« J’ai toujours voulu créer mon entreprise. Et surtout rester indépendante. Ado, je ne veux pas me marier. Et pas plus avoir des enfants. Rien que le mot « maman » m’est insupportable. Je le trouve ringard. Je suis l’aînée de trois frères parfaits et hyper-brillants à l’école. Moi je suis le cancre. Je fais toutes les conneries. Je m’habille en jean troué mais, dans mon petit film intérieur, je me vois bien plus tard diriger ma petite équipe. Mon père répète que je ne suis pas comme les autres. Ma mère, universitaire, docteure en sciences de l’éducation, veille à ne pas employer certains mots qui pourraient me dévaloriser. Ils s’adorent.

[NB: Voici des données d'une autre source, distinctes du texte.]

lemma glue_simps:
  "verts LL = classes" "edges LL = edges L <+> edges L'"
  "ends LL (Inl e) = (class_of (Inl (fst (ends L e))), class_of (Inl (snd (ends L e))))"
  "ends LL (Inr e') = (class_of (Inr (fst (ends L' e'))), class_of (Inr (snd (ends L' e'))))"
  "len LL (Inl e) = len L e" "len LL (Inr e') = len L' e'"
  "fixed LL = {X \<in> classes. X \<inter> fixed_union \<noteq> {}}"
  "pos LL X = pos_union (SOME x. x \<in> X \<inter> fixed_union)"
  "flex LL = flex L <+> flex L'"
  by (simp_all add: glue_def Let_def class_of_def)

lemma glue_inputs_eq: "glue_inputs L L' vs ws' ws = map (\<lambda>v. class_of (Inl v)) ws"
  by (simp add: glue_inputs_def class_of_def)

lemma glue_outputs_eq: "glue_outputs L L' vs ws' vs' = map (\<lambda>w. class_of (Inr w)) vs'"
  by (simp add: glue_outputs_def class_of_def)

lemma left_part_glued_config:
  "\<phi> \<in> config_space L \<Longrightarrow> compatible \<phi> \<psi> \<Longrightarrow> left_part (glued_config \<phi> \<psi>) = \<phi>"
  by (auto simp: fun_eq_iff left_part_def glued_config_Inl config_space_def)

lemma right_part_glued_config:
  "\<psi> \<in> config_space L' \<Longrightarrow> compatible \<phi> \<psi> \<Longrightarrow> right_part (glued_config \<phi> \<psi>) = \<psi>"
  by (auto simp: fun_eq_iff right_part_def glued_config_Inr config_space_def)

lemma fixed_union_value:
  "\<phi> \<in> config_space L \<Longrightarrow> \<psi> \<in> config_space L' \<Longrightarrow> x \<in> fixed_union \<Longrightarrow> case_sum \<phi> \<psi> x = pos_union x"
  by (cases x) (auto simp: config_space_def)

Mais, justement, je les trouve trop gentils. Je n’aime pas voir mon père se faire « bouffer » par des collègues qui veulent prendre sa place. Mes trois frères ont beau être têtes de classe, ils sont comme lui. En réaction, je me sens une vocation de « défenseure des opprimés ». Dans ma vie personnelle, j’aime aussi les amoureux sans trop de bagages, qui n’ont pas encore une véritable vie derrière eux, j’aime les conseiller, les aider, les diriger. Un peu comme je mène ma vie professionnelle.
Priorité à ma carrière
Aujourd’hui, à 43 ans, j’ai trois salariés. Je viens de racheter les locaux de mon agence à Biarritz. Et je ne compte pas en rester là. Après un BTS dans les assurances, à 21 ans, j’ai tout de suite commencé à travailler. Puis j’ai gravi tous les échelons. Très vite j’ai géré une grosse agence à Bordeaux. Des inspecteurs de la compagnie me repèrent et me disent : « Toi tu vas passer les tests pour être agent général.«
Pendant ces années je bosse beaucoup. Priorité à ma carrière. Mais je sors quand même pas mal.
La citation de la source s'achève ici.